**Your assignment**
From the records that follow, give the number of lines that include the word "this", with no further words.

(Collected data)
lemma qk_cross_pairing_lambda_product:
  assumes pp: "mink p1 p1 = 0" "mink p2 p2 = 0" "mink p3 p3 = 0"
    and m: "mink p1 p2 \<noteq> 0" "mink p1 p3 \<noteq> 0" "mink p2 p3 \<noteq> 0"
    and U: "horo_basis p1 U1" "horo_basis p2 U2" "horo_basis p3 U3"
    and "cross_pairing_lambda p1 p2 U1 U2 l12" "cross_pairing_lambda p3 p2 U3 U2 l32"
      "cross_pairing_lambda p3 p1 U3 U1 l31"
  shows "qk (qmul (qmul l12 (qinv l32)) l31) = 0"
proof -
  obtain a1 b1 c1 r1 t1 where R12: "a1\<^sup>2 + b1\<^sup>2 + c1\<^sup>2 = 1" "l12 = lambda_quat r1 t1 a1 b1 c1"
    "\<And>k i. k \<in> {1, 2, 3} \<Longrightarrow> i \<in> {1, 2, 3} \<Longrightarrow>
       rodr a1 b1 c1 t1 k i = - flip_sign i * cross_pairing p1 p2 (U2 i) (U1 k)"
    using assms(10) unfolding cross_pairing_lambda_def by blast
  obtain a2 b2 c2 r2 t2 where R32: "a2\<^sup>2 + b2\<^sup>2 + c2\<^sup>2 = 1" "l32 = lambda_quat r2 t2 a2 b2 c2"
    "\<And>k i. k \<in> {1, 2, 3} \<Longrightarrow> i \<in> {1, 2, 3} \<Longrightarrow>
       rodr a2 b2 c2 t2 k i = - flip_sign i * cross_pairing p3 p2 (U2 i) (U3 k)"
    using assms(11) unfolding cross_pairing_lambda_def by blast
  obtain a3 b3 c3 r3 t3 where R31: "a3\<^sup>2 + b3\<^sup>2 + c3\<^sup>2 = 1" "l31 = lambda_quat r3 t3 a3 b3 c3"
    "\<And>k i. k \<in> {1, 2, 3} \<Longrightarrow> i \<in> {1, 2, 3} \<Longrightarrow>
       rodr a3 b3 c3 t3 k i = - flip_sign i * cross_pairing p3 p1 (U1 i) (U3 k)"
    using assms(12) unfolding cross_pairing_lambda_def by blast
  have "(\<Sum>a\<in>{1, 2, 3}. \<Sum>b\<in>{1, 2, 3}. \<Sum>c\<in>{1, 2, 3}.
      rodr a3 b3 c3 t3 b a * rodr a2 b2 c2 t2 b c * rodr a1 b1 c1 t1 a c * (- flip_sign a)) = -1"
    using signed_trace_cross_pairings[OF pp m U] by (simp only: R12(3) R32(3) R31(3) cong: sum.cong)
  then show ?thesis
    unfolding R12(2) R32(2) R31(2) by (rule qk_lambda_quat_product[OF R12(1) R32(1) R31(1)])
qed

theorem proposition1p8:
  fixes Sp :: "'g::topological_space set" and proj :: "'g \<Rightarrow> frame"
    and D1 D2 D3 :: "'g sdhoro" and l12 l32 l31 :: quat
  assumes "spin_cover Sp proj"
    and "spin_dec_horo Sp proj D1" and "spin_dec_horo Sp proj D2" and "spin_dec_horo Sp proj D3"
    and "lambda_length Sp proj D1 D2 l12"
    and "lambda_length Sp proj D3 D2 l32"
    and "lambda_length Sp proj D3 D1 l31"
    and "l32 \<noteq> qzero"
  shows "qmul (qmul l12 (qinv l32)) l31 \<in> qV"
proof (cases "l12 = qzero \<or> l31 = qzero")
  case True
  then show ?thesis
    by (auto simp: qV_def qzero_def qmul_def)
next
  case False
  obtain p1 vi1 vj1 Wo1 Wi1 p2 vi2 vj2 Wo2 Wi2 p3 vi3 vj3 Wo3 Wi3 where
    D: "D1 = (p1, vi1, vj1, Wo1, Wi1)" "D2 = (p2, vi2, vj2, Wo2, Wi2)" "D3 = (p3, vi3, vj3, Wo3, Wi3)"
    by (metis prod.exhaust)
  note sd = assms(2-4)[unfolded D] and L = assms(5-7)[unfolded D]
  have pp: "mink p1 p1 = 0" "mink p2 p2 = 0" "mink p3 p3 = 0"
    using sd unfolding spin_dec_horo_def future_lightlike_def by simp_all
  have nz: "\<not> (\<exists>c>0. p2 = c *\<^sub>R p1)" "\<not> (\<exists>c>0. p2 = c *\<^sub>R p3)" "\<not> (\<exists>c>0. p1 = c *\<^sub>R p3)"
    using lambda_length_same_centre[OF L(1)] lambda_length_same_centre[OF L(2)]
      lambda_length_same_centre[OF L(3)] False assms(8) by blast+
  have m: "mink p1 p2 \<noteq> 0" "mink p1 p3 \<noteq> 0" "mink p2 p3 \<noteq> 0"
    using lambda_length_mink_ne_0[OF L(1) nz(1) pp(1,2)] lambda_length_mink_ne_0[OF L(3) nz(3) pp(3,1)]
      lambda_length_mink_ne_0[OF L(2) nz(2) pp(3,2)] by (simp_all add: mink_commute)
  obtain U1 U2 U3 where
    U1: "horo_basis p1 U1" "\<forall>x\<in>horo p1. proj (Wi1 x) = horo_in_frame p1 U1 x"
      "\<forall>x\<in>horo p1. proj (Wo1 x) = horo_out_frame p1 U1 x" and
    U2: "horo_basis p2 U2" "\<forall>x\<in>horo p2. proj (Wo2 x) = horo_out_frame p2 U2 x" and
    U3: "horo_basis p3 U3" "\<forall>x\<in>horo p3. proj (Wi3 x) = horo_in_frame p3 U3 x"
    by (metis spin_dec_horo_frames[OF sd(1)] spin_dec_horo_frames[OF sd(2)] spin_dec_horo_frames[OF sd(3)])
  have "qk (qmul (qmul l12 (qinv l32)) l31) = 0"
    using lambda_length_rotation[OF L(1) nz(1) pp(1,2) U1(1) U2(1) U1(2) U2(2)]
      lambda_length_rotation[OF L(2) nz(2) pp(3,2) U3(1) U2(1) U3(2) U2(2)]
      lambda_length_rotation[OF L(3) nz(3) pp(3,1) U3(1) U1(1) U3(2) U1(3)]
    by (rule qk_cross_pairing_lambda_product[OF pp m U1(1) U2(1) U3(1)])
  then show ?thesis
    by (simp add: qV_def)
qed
---
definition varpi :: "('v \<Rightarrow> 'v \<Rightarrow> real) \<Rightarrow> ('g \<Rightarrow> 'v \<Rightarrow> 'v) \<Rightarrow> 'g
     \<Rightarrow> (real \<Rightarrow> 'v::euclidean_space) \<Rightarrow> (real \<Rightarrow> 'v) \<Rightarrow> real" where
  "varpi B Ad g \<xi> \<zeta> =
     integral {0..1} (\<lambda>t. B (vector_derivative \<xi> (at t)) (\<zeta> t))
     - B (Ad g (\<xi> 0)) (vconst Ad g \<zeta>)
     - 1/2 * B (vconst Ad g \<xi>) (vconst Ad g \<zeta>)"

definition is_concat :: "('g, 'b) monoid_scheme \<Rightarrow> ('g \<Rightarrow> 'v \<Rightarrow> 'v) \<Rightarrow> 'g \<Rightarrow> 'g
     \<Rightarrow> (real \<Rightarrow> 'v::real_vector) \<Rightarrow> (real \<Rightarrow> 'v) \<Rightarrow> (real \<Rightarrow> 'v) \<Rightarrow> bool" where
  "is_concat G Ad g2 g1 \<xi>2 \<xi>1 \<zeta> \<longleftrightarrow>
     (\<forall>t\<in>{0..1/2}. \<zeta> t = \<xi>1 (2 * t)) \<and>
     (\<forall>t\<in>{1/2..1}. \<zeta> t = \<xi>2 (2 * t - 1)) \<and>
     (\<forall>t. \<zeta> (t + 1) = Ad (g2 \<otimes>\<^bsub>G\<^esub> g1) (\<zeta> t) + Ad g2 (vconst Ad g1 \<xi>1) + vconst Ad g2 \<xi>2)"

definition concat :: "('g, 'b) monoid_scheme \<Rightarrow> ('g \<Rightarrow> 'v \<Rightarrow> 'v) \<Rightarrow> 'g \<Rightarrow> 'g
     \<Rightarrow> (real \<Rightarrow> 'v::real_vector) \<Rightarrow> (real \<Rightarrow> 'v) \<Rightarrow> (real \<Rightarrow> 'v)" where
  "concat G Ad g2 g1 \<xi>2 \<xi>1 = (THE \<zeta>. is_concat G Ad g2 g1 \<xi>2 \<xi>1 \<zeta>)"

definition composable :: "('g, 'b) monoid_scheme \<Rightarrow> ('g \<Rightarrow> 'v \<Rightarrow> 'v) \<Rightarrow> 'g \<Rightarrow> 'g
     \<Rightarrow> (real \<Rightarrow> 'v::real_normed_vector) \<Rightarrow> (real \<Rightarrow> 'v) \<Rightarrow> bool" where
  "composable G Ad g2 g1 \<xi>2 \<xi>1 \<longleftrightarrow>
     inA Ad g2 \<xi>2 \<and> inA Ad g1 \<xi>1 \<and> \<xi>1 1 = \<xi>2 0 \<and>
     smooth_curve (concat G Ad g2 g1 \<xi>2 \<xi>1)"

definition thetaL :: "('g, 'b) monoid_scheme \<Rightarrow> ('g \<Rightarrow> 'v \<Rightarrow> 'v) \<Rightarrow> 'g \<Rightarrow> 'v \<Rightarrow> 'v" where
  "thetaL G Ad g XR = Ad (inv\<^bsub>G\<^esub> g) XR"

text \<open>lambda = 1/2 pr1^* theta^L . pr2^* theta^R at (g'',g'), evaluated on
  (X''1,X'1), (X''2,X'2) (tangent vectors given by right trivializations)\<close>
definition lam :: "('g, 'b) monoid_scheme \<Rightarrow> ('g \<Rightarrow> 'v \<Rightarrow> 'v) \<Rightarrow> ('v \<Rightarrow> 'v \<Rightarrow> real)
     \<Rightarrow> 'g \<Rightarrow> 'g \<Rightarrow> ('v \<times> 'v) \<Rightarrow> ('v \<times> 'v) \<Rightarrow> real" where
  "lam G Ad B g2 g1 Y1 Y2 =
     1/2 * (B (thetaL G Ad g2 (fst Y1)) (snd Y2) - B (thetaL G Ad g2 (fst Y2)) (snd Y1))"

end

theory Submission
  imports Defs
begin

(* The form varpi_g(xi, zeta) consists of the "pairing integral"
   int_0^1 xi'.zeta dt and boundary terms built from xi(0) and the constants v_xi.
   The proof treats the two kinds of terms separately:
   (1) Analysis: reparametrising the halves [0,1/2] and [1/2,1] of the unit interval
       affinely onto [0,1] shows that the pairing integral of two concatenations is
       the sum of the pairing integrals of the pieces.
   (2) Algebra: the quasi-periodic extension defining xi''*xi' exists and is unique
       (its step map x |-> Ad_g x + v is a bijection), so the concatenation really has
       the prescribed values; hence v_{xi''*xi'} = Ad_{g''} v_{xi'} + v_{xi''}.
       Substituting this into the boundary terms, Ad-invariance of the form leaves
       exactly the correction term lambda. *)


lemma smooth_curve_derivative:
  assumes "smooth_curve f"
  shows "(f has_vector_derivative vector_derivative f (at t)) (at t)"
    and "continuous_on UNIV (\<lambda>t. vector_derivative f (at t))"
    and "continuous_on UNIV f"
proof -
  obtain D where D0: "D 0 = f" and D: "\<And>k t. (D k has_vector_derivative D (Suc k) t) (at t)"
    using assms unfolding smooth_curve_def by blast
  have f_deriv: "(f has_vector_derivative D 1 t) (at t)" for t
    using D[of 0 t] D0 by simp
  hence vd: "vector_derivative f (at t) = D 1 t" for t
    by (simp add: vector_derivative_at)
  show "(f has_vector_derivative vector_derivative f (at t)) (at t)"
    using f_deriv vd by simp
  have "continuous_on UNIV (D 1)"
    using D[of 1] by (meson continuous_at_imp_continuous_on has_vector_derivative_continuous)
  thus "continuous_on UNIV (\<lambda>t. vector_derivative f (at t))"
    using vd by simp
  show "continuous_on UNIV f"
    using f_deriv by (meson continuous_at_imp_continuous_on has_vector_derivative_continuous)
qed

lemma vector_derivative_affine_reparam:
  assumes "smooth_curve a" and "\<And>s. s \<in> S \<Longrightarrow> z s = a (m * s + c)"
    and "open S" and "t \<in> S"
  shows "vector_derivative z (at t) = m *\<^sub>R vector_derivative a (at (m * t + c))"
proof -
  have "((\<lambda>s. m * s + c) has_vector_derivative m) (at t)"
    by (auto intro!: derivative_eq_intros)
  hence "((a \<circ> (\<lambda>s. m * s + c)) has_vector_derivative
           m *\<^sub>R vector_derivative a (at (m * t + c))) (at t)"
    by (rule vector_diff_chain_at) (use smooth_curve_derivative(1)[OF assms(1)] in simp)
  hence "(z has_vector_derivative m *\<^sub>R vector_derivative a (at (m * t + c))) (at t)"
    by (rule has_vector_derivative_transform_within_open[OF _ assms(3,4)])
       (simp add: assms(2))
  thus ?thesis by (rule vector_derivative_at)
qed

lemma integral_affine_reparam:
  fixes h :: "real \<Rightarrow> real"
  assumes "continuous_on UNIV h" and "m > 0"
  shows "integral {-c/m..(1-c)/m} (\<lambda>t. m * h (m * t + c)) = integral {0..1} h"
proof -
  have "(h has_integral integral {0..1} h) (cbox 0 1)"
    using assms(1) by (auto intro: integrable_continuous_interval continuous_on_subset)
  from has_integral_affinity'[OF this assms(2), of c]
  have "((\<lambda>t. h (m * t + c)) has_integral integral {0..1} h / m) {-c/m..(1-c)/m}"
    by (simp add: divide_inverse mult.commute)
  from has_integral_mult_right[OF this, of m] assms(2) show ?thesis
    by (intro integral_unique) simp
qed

**Solution below**
3